Cont: Deeper than primes - Continuation 2

[doronshadmi]

If the basis of your proof depends on the existence of a parallel-summation operator, how is it defined mathematically? I can't analyze your proof beyond this point without a meaningful description of a parallel-summation.

There can be finitely or infinitely many operators of all kinds on finitely or infinitely many arranged levels that simply are calculated in one step, called parallel-summation.

Please think about parallel-summation more in terms of synthesis (more like parallel thinking) and less in terms of analysis (less like serial thinking).

 

[Dessi]

Doron,

I'm seriously interested in your opinion: does your parallel-summation operator (however it is defined) give a different result than the ordinary summation operator Σ?

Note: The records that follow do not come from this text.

lemma hellinger_sq: "(hellinger \<mu> p q)^2 = (\<integral>y. (sqrt (p y) - sqrt (q y))^2 \<partial>\<mu>) / 2"
proof -
  have "0 \<le> (\<integral>y. (sqrt (p y) - sqrt (q y))^2 \<partial>\<mu>)" by (rule integral_nonneg_AE) auto
  then show ?thesis unfolding hellinger_def by simp
qed

lemma hellinger_sq_eq_one_minus_affinity:
  fixes p q :: "'a \<Rightarrow> real"
  assumes "integrable \<mu> p" "integrable \<mu> q" "\<And>y. 0 \<le> p y" "\<And>y. 0 \<le> q y"
    and "(\<integral>y. p y \<partial>\<mu>) = 1" "(\<integral>y. q y \<partial>\<mu>) = 1"
  shows "(hellinger \<mu> p q)^2 = 1 - (\<integral>y. sqrt (p y * q y) \<partial>\<mu>)"
  unfolding hellinger_sq using assms integrable_sqrt_mult[OF assms(1-4)]
  by (simp add: sqrt_diff_sq_eq)

lemma hellinger_sq_quasi_triangle:
  fixes p q r :: "'a \<Rightarrow> real"
  assumes "integrable \<mu> p" "integrable \<mu> q" "integrable \<mu> r"
    and "\<And>y. 0 \<le> p y" "\<And>y. 0 \<le> q y" "\<And>y. 0 \<le> r y"
  shows "(hellinger \<mu> p q)^2 / 2 \<le> (hellinger \<mu> p r)^2 + (hellinger \<mu> q r)^2"
proof -
  have pq: "integrable \<mu> (\<lambda>y. (sqrt (p y) - sqrt (q y))^2)"
    and pr: "integrable \<mu> (\<lambda>y. (sqrt (p y) - sqrt (r y))^2)"
    and qr: "integrable \<mu> (\<lambda>y. (sqrt (q y) - sqrt (r y))^2)"
    using assms by (auto intro: integrable_sqrt_diff_sq)
  have "(\<integral>y. (sqrt (p y) - sqrt (q y))^2 / 2 \<partial>\<mu>) \<le>
      (\<integral>y. (sqrt (p y) - sqrt (r y))^2 + (sqrt (q y) - sqrt (r y))^2 \<partial>\<mu>)"
  proof (rule integral_mono)
    fix y
    show "(sqrt (p y) - sqrt (q y))^2 / 2 \<le> (sqrt (p y) - sqrt (r y))^2 + (sqrt (q y) - sqrt (r y))^2"
      by (rule half_sq_diff_le_sum_sq)
  qed (use pq pr qr in auto)
  then show ?thesis unfolding hellinger_sq using pq pr qr by simp
qed

section \<open>Exponential families\<close>

lemma expdens_pos: "0 < expdens \<nu> S \<theta> y"
  unfolding expdens_def by simp

locale exp_family =
  fixes \<nu> :: "'y measure" and S :: "'y \<Rightarrow> real" and I :: "real set"
  assumes sigma_finite: "sigma_finite_measure \<nu>"
    and S_measurable[measurable]: "S \<in> borel_measurable \<nu>"
    and S_not_AE_const: "\<not> (\<exists>c. AE y in \<nu>. S y = c)"
    and integrable_exp: "\<forall>\<theta>\<in>I. integrable \<nu> (\<lambda>y. exp (\<theta> * S y))"
begin

interpretation sigma_finite_measure \<nu> by (rule sigma_finite)
lemma RE_iff_heron_pos:
  assumes "a \<ge> 0" "b \<ge> 0" "c \<ge> 0"
  shows "(x, y, z) \<in> RE a b c \<longleftrightarrow> x > 0 \<and> y > 0 \<and> z > 0 \<and> heron_radii a b c x y z > 0"
proof (cases "x > 0 \<and> y > 0 \<and> z > 0")
  case True
  note l1 = edge_len_pos_sq[OF assms(1), of x y]
    and l2 = edge_len_pos_sq[OF assms(2), of y z]
    and l3 = edge_len_pos_sq[OF assms(3), of z x]
  show ?thesis
    using True strict_triangle_iff_heron_pos[of "edge_len a x y" "edge_len b y z" "edge_len c z x"]
    unfolding RE_def heron_radii_def by (simp add: l1 l2 l3 Let_def)
qed (auto simp: RE_def)

text \<open>RE is cut out by finitely many strict polynomial inequalities, hence open.\<close>
lemma open_RE:
  assumes "a \<ge> 0" "b \<ge> 0" "c \<ge> 0"
  shows "open (RE a b c)"
proof -
  have "RE a b c = {p. 0 < fst p} \<inter> {p. 0 < fst (snd p)} \<inter> {p. 0 < snd (snd p)}
      \<inter> {p. 0 < heron_radii a b c (fst p) (fst (snd p)) (snd (snd p))}"
    using RE_iff_heron_pos[OF assms] by auto
  then show ?thesis
    by (simp only:) (intro open_Int open_Collect_less continuous_intros,
        auto simp: heron_radii_def heron_def intro!: continuous_intros)
qed

section \<open>The quadratic form obtained by inverting the radii\<close>

text \<open>The quadratic form Q with heron_radii a b c x y z = 4 (x y z)^2 Q(1/x, 1/y, 1/z).\<close>
definition cone_form :: "real \<Rightarrow> real \<Rightarrow> real \<Rightarrow> real \<Rightarrow> real \<Rightarrow> real \<Rightarrow> real" where
  "cone_form a b c x y z = (1 - b\<^sup>2) * x\<^sup>2 + (1 - c\<^sup>2) * y\<^sup>2 + (1 - a\<^sup>2) * z\<^sup>2
      + 2 * (b * c + a) * x * y + 2 * (a * c + b) * y * z + 2 * (c + a * b) * x * z"

lemma heron_radii_inverse:
  assumes "x \<noteq> 0" "y \<noteq> 0" "z \<noteq> 0"
  shows "heron_radii a b c x y z = 4 * (x * y * z)\<^sup>2 * cone_form a b c (1 / x) (1 / y) (1 / z)"
  using assms unfolding heron_radii_def heron_def cone_form_def
  by (simp add: field_simps power2_eq_square)

lemma cone_form_rotate: "cone_form a b c x y z = cone_form b c a y z x"
  unfolding cone_form_def by (simp add: algebra_simps)

lemma cone_form_scale: "cone_form a b c (t * x) (t * y) (t * z) = t\<^sup>2 * cone_form a b c x y z"
  unfolding cone_form_def by (simp add: algebra_simps power2_eq_square)
(* Let $\kappa$ be any cardinal, let $d\geq 1$, and let $\kappa_1,\dots,\kappa_d$ be uncountable regular cardinals such that $\kappa_1>\kappa$ and $\kappa_{i+1}>2^{\kappa_i}$ for all $i<d$. Then for every function $f:\kappa_1\times\cdots\times\kappa_d\to\kappa$ there exist stationary sets $\kappa_1'\subseteq\kappa_1,\dots,\kappa_d'\subseteq\kappa_d$ such that $f$ is constant on $\kappa_1'\times\cdots\times\kappa_d'$.
   Context: A subset of a regular uncountable cardinal $\nu$ is stationary if it meets every closed unbounded subset of $\nu$. *)

theory Defs
  imports Main "HOL-Library.FuncSet" "HOL-Library.Countable_Set"
begin

text \<open>A cardinal is represented, as in the HOL library (BNF_Cardinal_Order_Relation),
by a cardinal order relation r (Card_order r): a well-order on Field r of minimal
order type, i.e. an initial ordinal. (a,b) \<in> r means a \<le> b.\<close>

definition strictly_below :: "'a rel \<Rightarrow> 'a \<Rightarrow> 'a \<Rightarrow> bool" where
  "strictly_below r a b \<longleftrightarrow> (a, b) \<in> r \<and> a \<noteq> b"

text \<open>C is closed: every limit point alpha of C (C below alpha nonempty and cofinal
in alpha, i.e. alpha = sup (C \<inter> alpha)) lies in C.\<close>
definition closed_in_ord :: "'a rel \<Rightarrow> 'a set \<Rightarrow> bool" where
  "closed_in_ord r C \<longleftrightarrow> C \<subseteq> Field r \<and>
     (\<forall>a \<in> Field r.
        ((\<exists>c \<in> C. strictly_below r c a) \<and>
         (\<forall>b. strictly_below r b a \<longrightarrow> (\<exists>c \<in> C. strictly_below r b c \<and> strictly_below r c a)))
        \<longrightarrow> a \<in> C)"

definition club :: "'a rel \<Rightarrow> 'a set \<Rightarrow> bool" where
  "club r C \<longleftrightarrow> closed_in_ord r C \<and> cofinal C r"

definition stationary :: "'a rel \<Rightarrow> 'a set \<Rightarrow> bool" where
  "stationary r S \<longleftrightarrow> S \<subseteq> Field r \<and> (\<forall>C. club r C \<longrightarrow> S \<inter> C \<noteq> {})"

end

theory Submission
  imports Defs "HOL-Library.Countable_Set_Type"
begin

(* Induction on d. Fixing the last coordinate \<alpha> \<in> \<kappa>\<^sub>d, the induction hypothesis yields
stationary sets S\<^sub>1(\<alpha>), \<dots>, S\<^sub>d\<^sub>-\<^sub>1(\<alpha>) and a colour c(\<alpha>) \<in> \<kappa> on whose product f(-,\<alpha>) is constant.
The data (S\<^sub>1(\<alpha>), \<dots>, S\<^sub>d\<^sub>-\<^sub>1(\<alpha>), c(\<alpha>)) range over a set of size at most 2\<^bsup>\<kappa>\<^sub>d\<^sub>-\<^sub>1\<^esup> \<cdot> \<kappa> < \<kappa>\<^sub>d.
In a regular uncountable cardinal fewer than \<kappa>\<^sub>d clubs intersect in a club, so a partition of
\<kappa>\<^sub>d into fewer than \<kappa>\<^sub>d pieces has a stationary piece; on that piece the data are constant, and
the piece serves as S\<^sub>d. *)

unbundle cardinal_syntax

lemma strictly_below_le_trans:
  assumes r: "Card_order r" and "strictly_below r a b" "(b, c) \<in> r"
  shows "strictly_below r a c"
proof -
  have "trans r" "antisym r" using Card_order_wo_rel[OF r] wo_rel.TRANS wo_rel.ANTISYM by blast+
  then show ?thesis using assms(2,3) unfolding strictly_below_def by (metis antisymD transD)
qed

lemma le_strictly_below_trans:
  assumes r: "Card_order r" and "(a, b) \<in> r" "strictly_below r b c"
  shows "strictly_below r a c"
proof -
  have "trans r" "antisym r" using Card_order_wo_rel[OF r] wo_rel.TRANS wo_rel.ANTISYM by blast+
  then show ?thesis using assms(2,3) unfolding strictly_below_def by (metis antisymD transD)
qed

lemma not_le_imp_strictly_below:
  assumes r: "Card_order r" and "a \<in> Field r" "b \<in> Field r" "(a, b) \<notin> r"
  shows "strictly_below r b a"
proof -
  have "Refl r" "\<forall>a\<in>Field r. \<forall>b\<in>Field r. (a, b) \<in> r \<or> (b, a) \<in> r"
    using Card_order_wo_rel[OF r] wo_rel.REFL wo_rel.TOTALS by blast+
  then show ?thesis using assms(2-4) unfolding strictly_below_def refl_on_def by blast
qed

lemma countable_ordLess_uncountable:
  assumes r: "Card_order r" and "\<not> countable (Field r)" "countable B"
  shows "|B| <o r"
proof -
  have "|B| \<le>o |UNIV :: nat set|" "\<not> |Field r| \<le>o |UNIV :: nat set|"
    using assms(2,3) countable_card_of_nat by auto
  then have "|B| <o |Field r|"
    using ordLeq_ordLess_trans not_ordLeq_iff_ordLess[OF card_of_Well_order card_of_Well_order]
    by blast
  then show ?thesis
    using ordLess_ordIso_trans card_of_Field_ordIso[OF r] by blast
qed

lemma regularCard_small_bounded:
  assumes r: "Card_order r" and reg: "regularCard r" and B: "B \<subseteq> Field r" "|B| <o r"
  shows "\<exists>\<beta>\<in>Field r. \<forall>b\<in>B. (b, \<beta>) \<in> r"
proof -
  have "\<not> cofinal B r"
    using reg B not_ordLess_ordIso unfolding regularCard_def by blast
  then obtain \<beta> where \<beta>: "\<beta> \<in> Field r" "\<forall>b\<in>B. \<not> strictly_below r \<beta> b"
    unfolding cofinal_def strictly_below_def by blast
  have "(b, \<beta>) \<in> r" if "b \<in> B" for b
  proof (cases "b = \<beta>")
    case True
    then show ?thesis using Card_order_wo_rel[OF r] wo_rel.REFL \<beta>(1) refl_onD by fastforce
  next
    case False
    then show ?thesis
      using \<beta> that B(1) not_le_imp_strictly_below[OF r, of b \<beta>] by blast
  qed
  then show ?thesis using \<beta>(1) by blast
qed

lemma regularCard_small_has_sup:
  assumes r: "Card_order r" and "regularCard r" "B \<subseteq> Field r" "|B| <o r"
  shows "\<exists>t\<in>Field r. (\<forall>b\<in>B. (b, t) \<in> r) \<and> (\<forall>u\<in>Field r. (\<forall>b\<in>B. (b, u) \<in> r) \<longrightarrow> (t, u) \<in> r)"
proof -
  let ?U = "{u \<in> Field r. \<forall>b\<in>B. (b, u) \<in> r}"
  have "?U \<noteq> {}" using regularCard_small_bounded[OF assms] by blast
  moreover have "wo_rel r" using Card_order_wo_rel[OF r] .
  ultimately show ?thesis
    using wo_rel.minim_in[of r ?U] wo_rel.minim_least[of r ?U] by blast
qed

lemma closed_in_ord_INTER:
  assumes "I \<noteq> {}" "\<forall>i\<in>I. closed_in_ord r (C i)"
  shows "closed_in_ord r (\<Inter>i\<in>I. C i)"
  unfolding closed_in_ord_def
proof (intro conjI ballI impI INT_I)
  show "(\<Inter>i\<in>I. C i) \<subseteq> Field r" using assms unfolding closed_in_ord_def by blast
next
  fix a i assume "a \<in> Field r" "i \<in> I" and
    "(\<exists>c\<in>\<Inter>i\<in>I. C i. strictly_below r c a) \<and>
     (\<forall>b. strictly_below r b a \<longrightarrow> (\<exists>c\<in>\<Inter>i\<in>I. C i. strictly_below r b c \<and> strictly_below r c a))"
  then have "(\<exists>c\<in>C i. strictly_below r c a) \<and>
     (\<forall>b. strictly_below r b a \<longrightarrow> (\<exists>c\<in>C i. strictly_below r b c \<and> strictly_below r c a))"
    by blast
  then show "a \<in> C i" using assms(2) \<open>a \<in> Field r\<close> \<open>i \<in> I\<close> unfolding closed_in_ord_def by blast
qed

lemma interleaved_strictly_below_sup:
  assumes r: "Card_order r"
    and inter: "\<And>n. \<exists>c\<in>C. strictly_below r (s n) c \<and> (c, s (Suc n)) \<in> r"
    and t: "\<And>n. (s n, t) \<in> r"
  shows "strictly_below r (s n) t"
proof -
  obtain c where "strictly_below r (s n) c" "(c, s (Suc n)) \<in> r" using inter by blast
  then have "strictly_below r (s n) (s (Suc n))" by (rule strictly_below_le_trans[OF r])
  then show ?thesis using t by (rule strictly_below_le_trans[OF r])
qed
(* For every $\mathcal{ALC}$-formula $\varphi$ and every interpretation $M$, $\mathcal{C}(\varphi,M)\equiv\mathcal{C}_s(\varphi,M)$.
   Context: $\mathcal{ALC}$ concepts: $C::=A\mid\neg C\mid(C\sqcap C)\mid\exists r.C$. $\mathcal{ALC}$-formulae: $\phi::=\alpha\mid\neg\phi\mid(\phi\wedge\phi)$, atomic $\alpha::=C(a)\mid r(a,b)\mid(C=\top)$; $\neg\neg\psi$ identified with $\psi$; $\vee,\bot$ usual abbreviations. A literal is an atomic formula or its negation. Interpretations have a countable nonempty domain with standard semantics; $\equiv$ is logical equivalence (same models). $\mathrm{Sub}(\alpha)=\mathrm{Sub}(\neg\alpha)=\{\alpha,\neg\alpha\}$ for atomic $\alpha$; $\mathrm{Sub}(\psi\wedge\psi')=\mathrm{Sub}(\neg(\psi\wedge\psi'))=\{\psi\wedge\psi',\neg(\psi\wedge\psi')\}\cup\mathrm{Sub}(\psi)\cup\mathrm{Sub}(\psi')$. $\mathrm{con}(\varphi)$: smallest set of concepts containing $C$ whenever $(C=\top)$ or $C(a)$ is in $\mathrm{Sub}(\varphi)$, closed under subconcepts of $\sqcap$ and $\exists r.\cdot$ and under single negation. $\mathrm{ind}(\varphi)$: individual names in $\varphi$. Concept type for $\varphi$: $c\subseteq\mathrm{con}(\varphi)$ with $D\in c$ iff $\neg D\notin c$ and $D\sqcap E\in c$ iff $\{D,E\}\subseteq c$. Formula type for $\varphi$: $f\subseteq\mathrm{Sub}(\varphi)$ with $\psi\in f$ iff $\neg\psi\notin f$ and $\psi\wedge\psi'\in f$ iff $\{\psi,\psi'\}\subseteq f$ (for members of $\mathrm{Sub}(\varphi)$). Model candidate $(T,o,f)$: $T$ set of concept types, $o:\mathrm{ind}(\varphi)\to T$, $f$ formula type, $\varphi\in f$, $C(a)\in f\Rightarrow C\in o(a)$, $r(a,b)\in f\Rightarrow\{\neg C\mid\neg\exists r.C\in o(a)\}\subseteq o(b)$. Quasimodel: model candidate where each $\exists r.D\in c\in T$ has $c'\in T$ with $\{D\}\cup\{\neg E\mid\neg\exists r.E\in c\}\subseteq c'$; $\neg C\in c\in T$ implies $(C=\top)\notin f$; $\neg(C=\top)\in f$ implies some $c\in T$ with $C\notin c$; $T\neq\emptyset$. $\mathrm{ftypes}(\varphi)=\{f\mid(T,o,f)$ quasimodel for $\varphi\}$. For interpretation $I$: $\mathrm{qm}(\varphi,I)=(T,o,f)$ with $T=\{c(x)\mid x\in\Delta^I\}$, $c(x)=\{C\in\mathrm{con}(\varphi)\mid x\in C^I\}$, $o(a)=c(a^I)$, $f=\{\psi\in\mathrm{Sub}(\varphi)\mid I\models\psi\}$. $\mathrm{lit}(f)$: literals in $f$. $\mathrm{qfilter}(\varphi,M)=\mathrm{ftypes}(\varphi)\setminus\{f\}$ where $\mathrm{qm}(\varphi,M)=(T,o,f)$. $\mathcal{C}(\varphi,M)=\bigvee_{f\in\mathrm{qfilter}(\varphi,M)}\bigwedge\mathrm{lit}(f)$ if $M\models\varphi$ and $\mathrm{qfilter}(\varphi,M)\ne\emptyset$; $\bot$ if $M\models\varphi$ and $\mathrm{qfilter}(\varphi,M)=\emptyset$; $\varphi$ otherwise. $\mathcal{C}_s(\varphi,M)=\varphi\wedge\neg(\bigwedge\mathrm{lit}(f))$ if $M\models\varphi$, where $\mathrm{qm}(\varphi,M)=(T,o,f)$; and $\mathcal{C}_s(\varphi,M)=\varphi$ otherwise. *)

theory Defs
  imports Main "HOL-Library.Countable_Set"
begin

datatype ('c,'r) concept =
    CName 'c
  | CNeg "('c,'r) concept"
  | CAnd "('c,'r) concept" "('c,'r) concept"
  | CEx 'r "('c,'r) concept"

datatype ('c,'r,'i) atom =
    CAss "('c,'r) concept" 'i
  | RAss 'r 'i 'i
  | TopAx "('c,'r) concept"

datatype ('c,'r,'i) formula =
    Atom "('c,'r,'i) atom"
  | FNeg "('c,'r,'i) formula"
  | FAnd "('c,'r,'i) formula" "('c,'r,'i) formula"

text \<open>Single negation, identifying double negations (neg neg psi = psi).\<close>
definition cneg :: "('c,'r) concept \<Rightarrow> ('c,'r) concept" where
  "cneg C = (case C of CNeg D \<Rightarrow> D | _ \<Rightarrow> CNeg C)"

definition fneg :: "('c,'r,'i) formula \<Rightarrow> ('c,'r,'i) formula" where
  "fneg \<psi> = (case \<psi> of FNeg \<chi> \<Rightarrow> \<chi> | _ \<Rightarrow> FNeg \<psi>)"

fun fnorm :: "('c,'r,'i) formula \<Rightarrow> ('c,'r,'i) formula" where
  "fnorm (Atom \<alpha>) = Atom \<alpha>"
| "fnorm (FNeg \<psi>) = fneg (fnorm \<psi>)"
| "fnorm (FAnd \<psi> \<chi>) = FAnd (fnorm \<psi>) (fnorm \<chi>)"

definition fbot :: "('c,'r,'i) formula" where
  "fbot = FAnd (Atom (TopAx (CName undefined))) (FNeg (Atom (TopAx (CName undefined))))"

definition ftop :: "('c,'r,'i) formula" where
  "ftop = FNeg fbot"

definition FOr :: "('c,'r,'i) formula \<Rightarrow> ('c,'r,'i) formula \<Rightarrow> ('c,'r,'i) formula" where
  "FOr \<psi> \<chi> = FNeg (FAnd (FNeg \<psi>) (FNeg \<chi>))"

fun bigAnd_list :: "('c,'r,'i) formula list \<Rightarrow> ('c,'r,'i) formula" where
  "bigAnd_list [] = ftop"
| "bigAnd_list [\<psi>] = \<psi>"
| "bigAnd_list (\<psi> # \<psi>s) = FAnd \<psi> (bigAnd_list \<psi>s)"

fun bigOr_list :: "('c,'r,'i) formula list \<Rightarrow> ('c,'r,'i) formula" where
  "bigOr_list [] = fbot"
| "bigOr_list [\<psi>] = \<psi>"
| "bigOr_list (\<psi> # \<psi>s) = FOr \<psi> (bigOr_list \<psi>s)"

definition bigAnd :: "('c,'r,'i) formula set \<Rightarrow> ('c,'r,'i) formula" where
  "bigAnd S = bigAnd_list (SOME xs. set xs = S \<and> distinct xs)"

definition bigOr :: "('c,'r,'i) formula set \<Rightarrow> ('c,'r,'i) formula" where
  "bigOr S = bigOr_list (SOME xs. set xs = S \<and> distinct xs)"

record ('c,'r,'i,'d) interp =
  dom :: "'d set"
  cI  :: "'c \<Rightarrow> 'd set"
  rI  :: "'r \<Rightarrow> ('d \<times> 'd) set"
  iI  :: "'i \<Rightarrow> 'd"

definition is_interp :: "('c,'r,'i,'d,'x) interp_scheme \<Rightarrow> bool" where
  "is_interp I \<longleftrightarrow> countable (dom I) \<and> dom I \<noteq> {}
     \<and> (\<forall>A. cI I A \<subseteq> dom I) \<and> (\<forall>r. rI I r \<subseteq> dom I \<times> dom I)
     \<and> (\<forall>a. iI I a \<in> dom I)"
(* Let $A$ be a uniform algebra on a compact space $X$, let $x_0\in X$, and let $\phi$ be a selfmap of $X$ which induces an endomorphism $T$ of $A$ (i.e. $f\circ\phi\in A$ and $Tf=f\circ\phi$ for all $f\in A$). Let $\phi_n$ be the $n$-th iterate of $\phi$ and set $C_n=\sup\{\|\phi_n(x)-x_0\|: x\in X\}$. If $C_n^{1/n}\to0$ as $n\to\infty$, then $T$ is a Riesz operator.
   Context: A uniform algebra on a compact space $X$ is a closed subalgebra of $C(X)$, with the supremum norm, containing the constants and separating points. For $x,y\in X$, the norm (Gleason) distance is $\|x-y\|=\sup\{|f(x)-f(y)|: f\in A,\ \|f\|_\infty\le1\}$, i.e. the norm in $A^*$ of the difference of the evaluation functionals. A bounded operator $T$ is a Riesz operator if $\lim_{n}\left[\inf\{\|T^n-K\|:K \text{ compact}\}\right]^{1/n}=0$. *)

theory Defs
  imports "HOL-Analysis.Analysis"
begin

text \<open>Functions are complex-valued functions on the ambient type; only their values on the
compact set X matter. A uniform algebra A is represented extensionally: it contains every
function agreeing on X with one of its members (so A is really a set of elements of C(X)).\<close>

definition supn :: "'a set \<Rightarrow> ('a \<Rightarrow> complex) \<Rightarrow> real" where
  "supn X f = Sup ((\<lambda>x. cmod (f x)) ` X)"

definition uniform_algebra :: "'a::topological_space set \<Rightarrow> ('a \<Rightarrow> complex) set \<Rightarrow> bool" where
  "uniform_algebra X A \<longleftrightarrow>
     compact X \<and>
     (\<forall>f\<in>A. continuous_on X f) \<and>
     (\<forall>f\<in>A. \<forall>g. (\<forall>x\<in>X. g x = f x) \<longrightarrow> g \<in> A) \<and>
     (\<forall>c. (\<lambda>_. c) \<in> A) \<and>
     (\<forall>f\<in>A. \<forall>g\<in>A. (\<lambda>x. f x + g x) \<in> A) \<and>
     (\<forall>f\<in>A. \<forall>g\<in>A. (\<lambda>x. f x * g x) \<in> A) \<and>
     (\<forall>F g. (\<forall>n. F n \<in> A) \<and> continuous_on X g \<and> uniform_limit X F g sequentially \<longrightarrow> g \<in> A) \<and>
     (\<forall>x\<in>X. \<forall>y\<in>X. x \<noteq> y \<longrightarrow> (\<exists>f\<in>A. f x \<noteq> f y))"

Part of the beauty of mathematics is that many different approaches to a problem can yield the same solution, many different expressions are in fact equivalent. What difference should it make if we add terms together one at a time, or add them up in one operation?

As near as I can tell:

0.999...
= 0.9 + 0.09 + 0.009 + 0.0009 + . . .
= Σ(n = 0, n -> infty) of (9/10)(1/10ⁿ)
= Σ(n = 0, n -> infty) of akⁿ for a = 9/10, k = 1/10

Using the generalized form, note that the sum S is:

S = Σ(n = 0, n -> infty) of akⁿS = ak⁰ + ak¹ + ak² + . . .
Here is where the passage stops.